_Dataset entries_
====
lemma unimodular_equiv_transpose:
  "unimodular_equiv M N \<Longrightarrow> unimodular_equiv (transpose M) (transpose N)"
  unfolding unimodular_equiv_def
  by (metis unimodular_transpose matrix_transpose_mul matrix_mul_assoc)

lemma unimodular_equiv_abs_det: "unimodular_equiv M N \<Longrightarrow> \<bar>det N\<bar> = \<bar>det M\<bar>"
  unfolding unimodular_equiv_def by (auto simp: det_mul abs_mult abs_det_unimodular)

lemma unimodular_equiv_card_frac_points:
  "unimodular_equiv M N \<Longrightarrow> card (frac_points N) = card (frac_points M)"
  unfolding unimodular_equiv_def
  by (auto simp: frac_points_unimodular_left card_frac_points_unimodular_right
      matrix_mul_assoc[symmetric])

text \<open>Elementary row operations, realised as left multiplication by unimodular matrices.
  Column operations are obtained by transposition.\<close>
definition add_row :: "'n \<Rightarrow> 'n \<Rightarrow> int \<Rightarrow> int^'n^'n \<Rightarrow> int^'n::finite^'n" where
  "add_row i j q M = (\<chi> r c. if r = i then M $ i $ c + q * M $ j $ c else M $ r $ c)"

definition swap_rows :: "'n \<Rightarrow> 'n \<Rightarrow> int^'n^'n \<Rightarrow> int^'n::finite^'n" where
  "swap_rows i j M = (\<chi> r. M $ Transposition.transpose i j r)"

lemma add_row_nth [simp]:
  "add_row i j q M $ r $ c = (if r = i then M $ i $ c + q * M $ j $ c else M $ r $ c)"
  by (simp add: add_row_def)

lemma swap_rows_nth [simp]: "swap_rows i j M $ r $ c = M $ Transposition.transpose i j r $ c"
  by (simp add: swap_rows_def)

lemma add_row_mult: "add_row i j q M = add_row i j q (mat 1) ** M"
proof -
  have "(add_row i j q (mat 1) ** M) $ r $ c
      = (\<Sum>l\<in>UNIV. (if r = l then M $ l $ c else 0)
          + (if r = i \<and> j = l then q * M $ l $ c else 0))" for r c
    unfolding matrix_matrix_mult_def by (auto simp: mat_def distrib_right intro!: sum.cong)
  then show ?thesis by (simp add: vec_eq_iff sum.distrib)
qed

lemma swap_rows_mult: "swap_rows i j M = swap_rows i j (mat 1) ** M"
proof -
  have "(swap_rows i j (mat 1) ** M) $ r $ c = M $ Transposition.transpose i j r $ c" for r c
    unfolding matrix_matrix_mult_def by (simp add: mat_def of_bool_def[symmetric])
  then show ?thesis by (simp add: vec_eq_iff)
qed

lemma unimodular_equiv_add_row:
  assumes "i \<noteq> j"
  shows "unimodular_equiv M (add_row i j q M)"
proof -
  have "add_row i j q (mat 1) ** add_row i j (- q) (mat 1) = mat 1"
    "add_row i j (- q) (mat 1) ** add_row i j q (mat 1) = mat 1"
    unfolding add_row_mult[of i j q "add_row i j _ (mat 1)", symmetric]
      add_row_mult[of i j "- q" "add_row i j _ (mat 1)", symmetric]
    using assms by (simp_all add: vec_eq_iff mat_def)
  then have "unimodular (add_row i j q (mat 1))" by (auto simp: unimodular_def)
  then show ?thesis
    unfolding unimodular_equiv_def by (metis add_row_mult unimodular_1 matrix_mul_rid)
qed

lemma unimodular_equiv_swap_rows: "unimodular_equiv M (swap_rows i j M)"
proof -
  have "swap_rows i j (mat 1) ** swap_rows i j (mat 1) = (mat 1 :: int^'a^'a)"
    unfolding swap_rows_mult[of i j "swap_rows i j (mat 1)", symmetric]
    by (simp add: vec_eq_iff mat_def)
  then have "unimodular (swap_rows i j (mat 1) :: int^'a^'a)" by (auto simp: unimodular_def)
  then show ?thesis
    unfolding unimodular_equiv_def by (metis swap_rows_mult unimodular_1 matrix_mul_rid)
qed

text \<open>For a pivot \<open>i \<notin> D\<close>
  the Euclidean algorithm decreases \<open>|M\<^sub>i\<^sub>i|\<close>, and for fixed pivot the number of nonzero
  off-diagonal entries in row and column \<open>i\<close> outside \<open>D\<close>.\<close>
definition diag_on :: "'n set \<Rightarrow> int^'n^'n \<Rightarrow> bool" where
  "diag_on D M \<longleftrightarrow> (\<forall>i j. i \<noteq> j \<and> (i \<in> D \<or> j \<in> D) \<longrightarrow> M $ i $ j = 0)"

definition col_support :: "'n set \<Rightarrow> 'n \<Rightarrow> int^'n^'n \<Rightarrow> 'n set" where
  "col_support D i M = {r. r \<notin> D \<and> r \<noteq> i \<and> M $ r $ i \<noteq> 0}"
lemma skolem_chain_subset_carr:
  assumes "\<forall>X\<in>Ob C. A X \<subseteq> carr M X" "X \<in> Ob C"
  shows "skolem_chain C M A n X \<subseteq> carr M X"
  using assms(2)
proof (induction n arbitrary: X)
  case 0
  then show ?case using assms(1) by simp
next
  case (Suc n)
  show ?case
  proof
    fix v assume "v \<in> skolem_chain C M A (Suc n) X"
    then consider "v \<in> skolem_chain C M A n X"
      | objs params eqs i where "solves C M objs eqs (solution C M objs params eqs)"
        "i < length objs" "objs ! i = X" "v = solution C M objs params eqs ! i"
      unfolding skolem_chain.simps skolem_step_def using solution_solves(1) by blast
    then show "v \<in> carr M X"
      by cases (use Suc in \<open>auto simp: solves_def list_all2_conv_all_nth\<close>)
  qed
qed

lemma skolem_hull_subset_carr:
  "\<forall>X\<in>Ob C. A X \<subseteq> carr M X \<Longrightarrow> X \<in> Ob C \<Longrightarrow> skolem_hull C M A X \<subseteq> carr M X"
  using skolem_chain_subset_carr[of C A M X] unfolding skolem_hull_def by (simp add: UN_subset_iff)

lemma holds_set1_subset_Mor: "holds C M ob val e \<Longrightarrow> set1_equation e \<subseteq> Mor C"
  by (cases e) (auto simp: Hom_def)

lemma skolem_hull_solves:
  assumes vs: "solves C M objs eqs vs"
  obtains vs' where "solves C M objs eqs vs'"
    "\<And>i. i < length objs \<Longrightarrow> vs' ! i \<in> skolem_hull C M A (objs ! i)"
    "\<And>i. i < length objs \<Longrightarrow> vs ! i \<in> skolem_hull C M A (objs ! i) \<Longrightarrow> vs' ! i = vs ! i"
proof -
  define J where "J = {i. i < length objs \<and> vs ! i \<in> skolem_hull C M A (objs ! i)}"
  have "\<forall>i\<in>J. \<exists>n. vs ! i \<in> skolem_chain C M A n (objs ! i)"
    by (auto simp: J_def skolem_hull_def)
  then obtain n where n: "\<And>i. i \<in> J \<Longrightarrow> vs ! i \<in> skolem_chain C M A (n i) (objs ! i)"
    by metis
  define N where "N = Max (n ` J)"
  have J_chain: "vs ! i \<in> skolem_chain C M A N (objs ! i)" if "i \<in> J" for i
  proof -
    have "n i \<le> N" using that by (simp add: N_def J_def)
    then have "skolem_chain C M A (n i) (objs ! i) \<subseteq> skolem_chain C M A N (objs ! i)"
      by (rule skolem_chain_mono)
    with n[OF that] show ?thesis by blast
  qed
  have len: "length vs = length objs" and objs: "\<And>i. i < length objs \<Longrightarrow> objs ! i \<in> Ob C"
    using vs by (auto simp: solves_def list_all2_conv_all_nth)
  define params where "params = map (\<lambda>i. if i \<in> J then Some (vs ! i) else None) [0..<length objs]"
  have fits: "instantiates params vs"
    using len by (simp add: instantiates_def params_def list_all2_conv_all_nth)
  have "objs \<in> lists (Ob C)"
    using objs by (auto simp: in_set_conv_nth)
  moreover have "params \<in> lists (insert None (Some ` (\<Union>Y\<in>Ob C. skolem_chain C M A N Y)))"
    using J_chain objs by (fastforce simp: params_def J_def)
  moreover have "eqs \<in> lists {e. set1_equation e \<subseteq> Mor C}"
    using vs holds_set1_subset_Mor by (fastforce simp: solves_def)
  ultimately have new: "solution C M objs params eqs ! i \<in> skolem_chain C M A (Suc N) (objs ! i)"
    if "i < length objs" for i
    using that vs fits unfolding skolem_chain.simps skolem_step_def by blast
  show thesis
  proof
    show "solves C M objs eqs (solution C M objs params eqs)"
      by (rule solution_solves(1)[OF vs fits])
    show "solution C M objs params eqs ! i \<in> skolem_hull C M A (objs ! i)" if "i < length objs" for i
      using skolem_chain_subset_hull new[OF that] by (rule subsetD)
    show "solution C M objs params eqs ! i = vs ! i"
      if "i < length objs" "vs ! i \<in> skolem_hull C M A (objs ! i)" for i
      using solution_solves(2)[OF vs fits] that
      by (auto simp: instantiates_def params_def J_def list_all2_conv_all_nth)
  qed
qed

lemma skolem_hull_pure:
  assumes sys: "finite_system C E Q" and id: "solution_in C M (carr M) E Q (\<lambda>X m. m)"
  obtains \<sigma> where "solution_in C M (skolem_hull C M A) E Q \<sigma>"
    "\<And>X m. m \<in> skolem_hull C M A X \<Longrightarrow> \<sigma> X m = m"
proof -
  have "finite E" "finite Q" using sys by (simp_all add: finite_system_def)
  then obtain es eqs where es: "set es = E" and eqs: "set eqs = Q" by (meson finite_list)
  define idx where "idx x = (SOME i. i < length es \<and> es ! i = x)" for x
  have idx: "idx x < length es \<and> es ! idx x = x" if "x \<in> E" for x
    unfolding idx_def by (rule someI_ex) (use that es in \<open>auto simp: in_set_conv_nth\<close>)
  define objs where "objs = map fst es"
  have objs_idx: "objs ! idx x = fst x" if "x \<in> E" for x
    using idx[OF that] by (simp add: objs_def)
  have vars: "x \<in> E" if "e \<in> Q" "x \<in> set2_equation e" for e x
    using sys that by (auto simp: finite_system_def)
  have renamed: "holds C M ((!) objs) ((!) vs) (map_equation id idx e) \<longleftrightarrow> holds C M fst val e"
    if "e \<in> Q" "\<And>x. x \<in> E \<Longrightarrow> vs ! idx x = val x" for vs val e
    unfolding holds_map_equation
    by (rule holds_cong) (use that objs_idx vars in \<open>simp add: comp_def\<close>)
  have "solves C M objs (map (map_equation id idx) eqs) (map snd es)"
    unfolding solves_def
  proof
    show "list_all2 (\<lambda>X v. X \<in> Ob C \<and> v \<in> carr M X) objs (map snd es)"
      using sys id es by (fastforce simp: objs_def list_all2_conv_all_nth finite_system_def solution_in_def)
    have "holds C M fst snd e" if "e \<in> Q" for e
      using id that by (simp add: solution_in_def case_prod_beta')
    then show "\<forall>e\<in>set (map (map_equation id idx) eqs). holds C M ((!) objs) ((!) (map snd es)) e"
      using renamed idx eqs by auto
  qed
  then obtain vs' where vs': "solves C M objs (map (map_equation id idx) eqs) vs'"
    and in_hull: "\<And>i. i < length objs \<Longrightarrow> vs' ! i \<in> skolem_hull C M A (objs ! i)"
    and fixed: "\<And>i. i < length objs \<Longrightarrow> map snd es ! i \<in> skolem_hull C M A (objs ! i) \<Longrightarrow>
      vs' ! i = map snd es ! i"
    by (rule skolem_hull_solves[where A = A]) auto
  define \<sigma> where "\<sigma> X m = (if (X,m) \<in> E then vs' ! idx (X,m) else m)" for X m
  show thesis
  proof
    show "solution_in C M (skolem_hull C M A) E Q \<sigma>"
      unfolding solution_in_def
    proof (intro conjI ballI)
      fix x assume "x \<in> E"
      then show "case x of (X,m) \<Rightarrow> \<sigma> X m \<in> skolem_hull C M A X"
        using in_hull[of "idx x"] idx objs_idx by (auto simp: \<sigma>_def objs_def)
    next
      fix e assume "e \<in> Q"
      moreover have "holds C M ((!) objs) ((!) vs') (map_equation id idx e)"
        using vs' eqs \<open>e \<in> Q\<close> by (auto simp: solves_def)
      moreover have "vs' ! idx x = (case x of (X,m) \<Rightarrow> \<sigma> X m)" if "x \<in> E" for x
        using that by (cases x) (simp add: \<sigma>_def)
      ultimately show "holds C M fst (\<lambda>(X,m). \<sigma> X m) e"
        using renamed by blast
    qed
    show "\<sigma> X m = m" if "m \<in> skolem_hull C M A X" for X m
      using that fixed[of "idx (X,m)"] idx[of "(X,m)"] objs_idx[of "(X,m)"]
      by (auto simp: \<sigma>_def objs_def)
  qed
qed

lemma skolem_hull_padd_closed:
  assumes M: "presheaf C M" and A: "\<forall>X\<in>Ob C. A X \<subseteq> carr M X" and X: "X \<in> Ob C"
    and m: "m \<in> skolem_hull C M A X" and m': "m' \<in> skolem_hull C M A X"
  shows "padd M X m m' \<in> skolem_hull C M A X"
proof -
  let ?p = "padd M X m m'"
  let ?E = "{(X,m), (X,m'), (X,?p)}" and ?Q = "{EqAdd (X,m) (X,m') (X,?p)}"
  have carr: "m \<in> carr M X" "m' \<in> carr M X" using skolem_hull_subset_carr[OF A X] m m' by auto
  have "finite_system C ?E ?Q" using X by (simp add: finite_system_def)
  moreover have "solution_in C M (carr M) ?E ?Q (\<lambda>X m. m)"
    using carr presheaf_padd_closed[OF M X carr] by (simp add: solution_in_def)
  ultimately obtain \<sigma> where \<sigma>: "solution_in C M (skolem_hull C M A) ?E ?Q \<sigma>"
    and fixes_hull: "\<And>Y v. v \<in> skolem_hull C M A Y \<Longrightarrow> \<sigma> Y v = v"
    by (rule skolem_hull_pure[where A = A]) auto
  have "\<sigma> X ?p \<in> skolem_hull C M A X" "padd M X (\<sigma> X m) (\<sigma> X m') = \<sigma> X ?p"
    using \<sigma> by (simp_all add: solution_in_def)
  with fixes_hull[OF m] fixes_hull[OF m'] show ?thesis by metis
qed

lemma skolem_hull_act_closed:
  assumes A: "\<forall>X\<in>Ob C. A X \<subseteq> carr M X" and M: "presheaf C M"
    and X: "X \<in> Ob C" and Y: "Y \<in> Ob C" and f: "f \<in> Hom C X Y" and m: "m \<in> skolem_hull C M A Y"
  shows "act M f m \<in> skolem_hull C M A X"
proof -
  let ?E = "{(Y,m), (X,act M f m)}" and ?Q = "{EqAct f (Y,m) (X,act M f m)}"
  have carr: "m \<in> carr M Y" using skolem_hull_subset_carr[OF A Y] m by auto
  have "finite_system C ?E ?Q" using X Y by (simp add: finite_system_def)
  moreover have "solution_in C M (carr M) ?E ?Q (\<lambda>X m. m)"
    using carr f presheaf_act_closed[OF M X Y f carr] by (simp add: solution_in_def)
  ultimately obtain \<sigma> where \<sigma>: "solution_in C M (skolem_hull C M A) ?E ?Q \<sigma>"
    and fixes_hull: "\<And>Y v. v \<in> skolem_hull C M A Y \<Longrightarrow> \<sigma> Y v = v"
    by (rule skolem_hull_pure[where A = A]) auto
  have "\<sigma> X (act M f m) \<in> skolem_hull C M A X" "act M f (\<sigma> Y m) = \<sigma> X (act M f m)"
    using \<sigma> by (simp_all add: solution_in_def)
  with fixes_hull[OF m] show ?thesis by metis
qed

lemma sub_presheaf_skolem_hull:
  assumes C: "klinear_category C" and M: "presheaf C M" and A: "sub_presheaf C M A"
  shows "sub_presheaf C M (skolem_hull C M A)"
proof -
  have A_carr: "\<forall>X\<in>Ob C. A X \<subseteq> carr M X" using A by (simp add: sub_presheaf_def)
  have pscale: "pscale M X a m \<in> skolem_hull C M A X"
    if X: "X \<in> Ob C" and m: "m \<in> skolem_hull C M A X" for X a m
  proof -
    have "m \<in> carr M X" using skolem_hull_subset_carr[OF A_carr X] m by blast
    then have "pscale M X a m = act M (hscale C a (cid C X)) m" by (simp add: act_hscale_cid[OF C M X])
    then show ?thesis
      using skolem_hull_act_closed[OF A_carr M X X hscale_cid_in_Hom[OF C X] m] by simp
  qed
  have "pzero M X \<in> skolem_hull C M A X" if "X \<in> Ob C" for X
    using A that skolem_chain_subset_hull[of C M A 0 X] by (auto simp: sub_presheaf_def)
  then show ?thesis
    unfolding sub_presheaf_def
    using skolem_hull_subset_carr[OF A_carr] skolem_hull_padd_closed[OF M A_carr] pscale
      skolem_hull_act_closed[OF A_carr M]
    by blast
qed

section \<open>Retracting Day relations into the hull\<close>

datatype ('o,'m,'v,'w,'k) day_rel_desc =
  AddMor 'o 'o 'm 'm 'v 'w
| ScaleMor 'o 'o 'm 'v 'w 'k
| AddLeft 'o 'o 'm 'v 'v 'w
| ScaleLeft 'o 'o 'm 'v 'w 'k
| AddRight 'o 'o 'm 'v 'w 'w
| ScaleRight 'o 'o 'm 'v 'w 'k
| Dinat 'o 'o 'o 'o 'm 'm 'm 'v 'w
lemma weight_sandwich_le:
  assumes W: "weight_family W" and w: "w \<in> W"
  shows "w (K + k) (u @ \<delta> @ v) \<le> w k u * w 0 v * w K \<delta>"
proof -
  have "w (k + (K + 0)) (u @ (\<delta> @ v)) \<le> w k u * w (K + 0) (\<delta> @ v)"
    by (rule weight_familyD(5)[OF W w])
  also have "\<dots> \<le> w k u * (w K \<delta> * w 0 v)"
    using weight_familyD(5)[OF W w, of K 0 \<delta> v] weight_nonneg[OF W w] by (intro mult_left_mono) auto
  finally show ?thesis by (simp add: ac_simps)
qed

lemma weight_split_le:
  assumes W: "weight_family W" and w: "w \<in> W" and "u @ v = \<beta>" "u = [] \<or> v = []"
  shows "w (K + k) (u @ \<delta> @ v) \<le> w k \<beta> * w K \<delta>"
  using assms(3,4) weight_familyD(5)[OF W w, of k K \<beta> \<delta>] weight_familyD(5)[OF W w, of K k \<delta> \<beta>]
  by (auto simp: ac_simps)

lemma weighted_l1D: "c \<in> weighted_l1 n W \<Longrightarrow> \<alpha> \<notin> words n \<Longrightarrow> c k \<alpha> = 0"
  unfolding weighted_l1_def by blast

lemma weighted_l1_summable:
  "c \<in> weighted_l1 n W \<Longrightarrow> w \<in> W \<Longrightarrow> (\<lambda>(k, \<alpha>). norm (c k \<alpha>) * w k \<alpha>) summable_on UNIV"
  unfolding weighted_l1_def by blast

lemma weighted_l1I:
  assumes "\<And>k \<alpha>. \<alpha> \<notin> words n \<Longrightarrow> c k \<alpha> = 0"
    and "\<And>w. w \<in> W \<Longrightarrow> (\<lambda>(k, \<alpha>). norm (c k \<alpha>) * w k \<alpha>) summable_on UNIV"
  shows "c \<in> weighted_l1 n W"
  using assms unfolding weighted_l1_def by blast

lemma weighted_l1_dominated:
  assumes W: "weight_family W" and c: "c \<in> weighted_l1 n W"
    and supp: "\<And>k \<alpha>. \<alpha> \<notin> words n \<Longrightarrow> d k \<alpha> = 0"
    and le: "\<And>k \<alpha>. norm (d k \<alpha>) \<le> norm (c k \<alpha>) + norm (e k \<alpha>)" and e: "e \<in> weighted_l1 n W"
  shows "d \<in> weighted_l1 n W"
proof (rule weighted_l1I[OF supp])
  fix w assume w: "w \<in> W"
  have "(\<lambda>p. (case p of (k, \<alpha>) \<Rightarrow> norm (c k \<alpha>) * w k \<alpha>) + (case p of (k, \<alpha>) \<Rightarrow> norm (e k \<alpha>) * w k \<alpha>))
      summable_on UNIV"
    using weighted_l1_summable[OF c w] weighted_l1_summable[OF e w] by (rule summable_on_add)
  then show "(\<lambda>(k, \<alpha>). norm (d k \<alpha>) * w k \<alpha>) summable_on UNIV"
    by (rule summable_on_comparison_test)
       (use le weight_nonneg[OF W w] in \<open>auto simp: distrib_right[symmetric] intro!: mult_right_mono\<close>)
qed

lemma weighted_l1_zero: "0 \<in> weighted_l1 n W"
  by (rule weighted_l1I) (auto simp: case_prod_unfold)

lemma weighted_l1_add:
  assumes W: "weight_family W" and x: "x \<in> weighted_l1 n W" and y: "y \<in> weighted_l1 n W"
  shows "x + y \<in> weighted_l1 n W"
  by (rule weighted_l1_dominated[OF W x _ _ y]) (auto simp: weighted_l1D[OF x] weighted_l1D[OF y] norm_triangle_ineq)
====
_Prompt_
Give back, word for word, only the lines above from the line holding "unfolding swap_rows_mult[of i" to the line holding "text \<open>For a", both included.

_Answer_
    unfolding swap_rows_mult[of i j "swap_rows i j (mat 1)", symmetric]
    by (simp add: vec_eq_iff mat_def)
  then have "unimodular (swap_rows i j (mat 1) :: int^'a^'a)" by (auto simp: unimodular_def)
  then show ?thesis
    unfolding unimodular_equiv_def by (metis swap_rows_mult unimodular_1 matrix_mul_rid)
qed

text \<open>For a pivot \<open>i \<notin> D\<close>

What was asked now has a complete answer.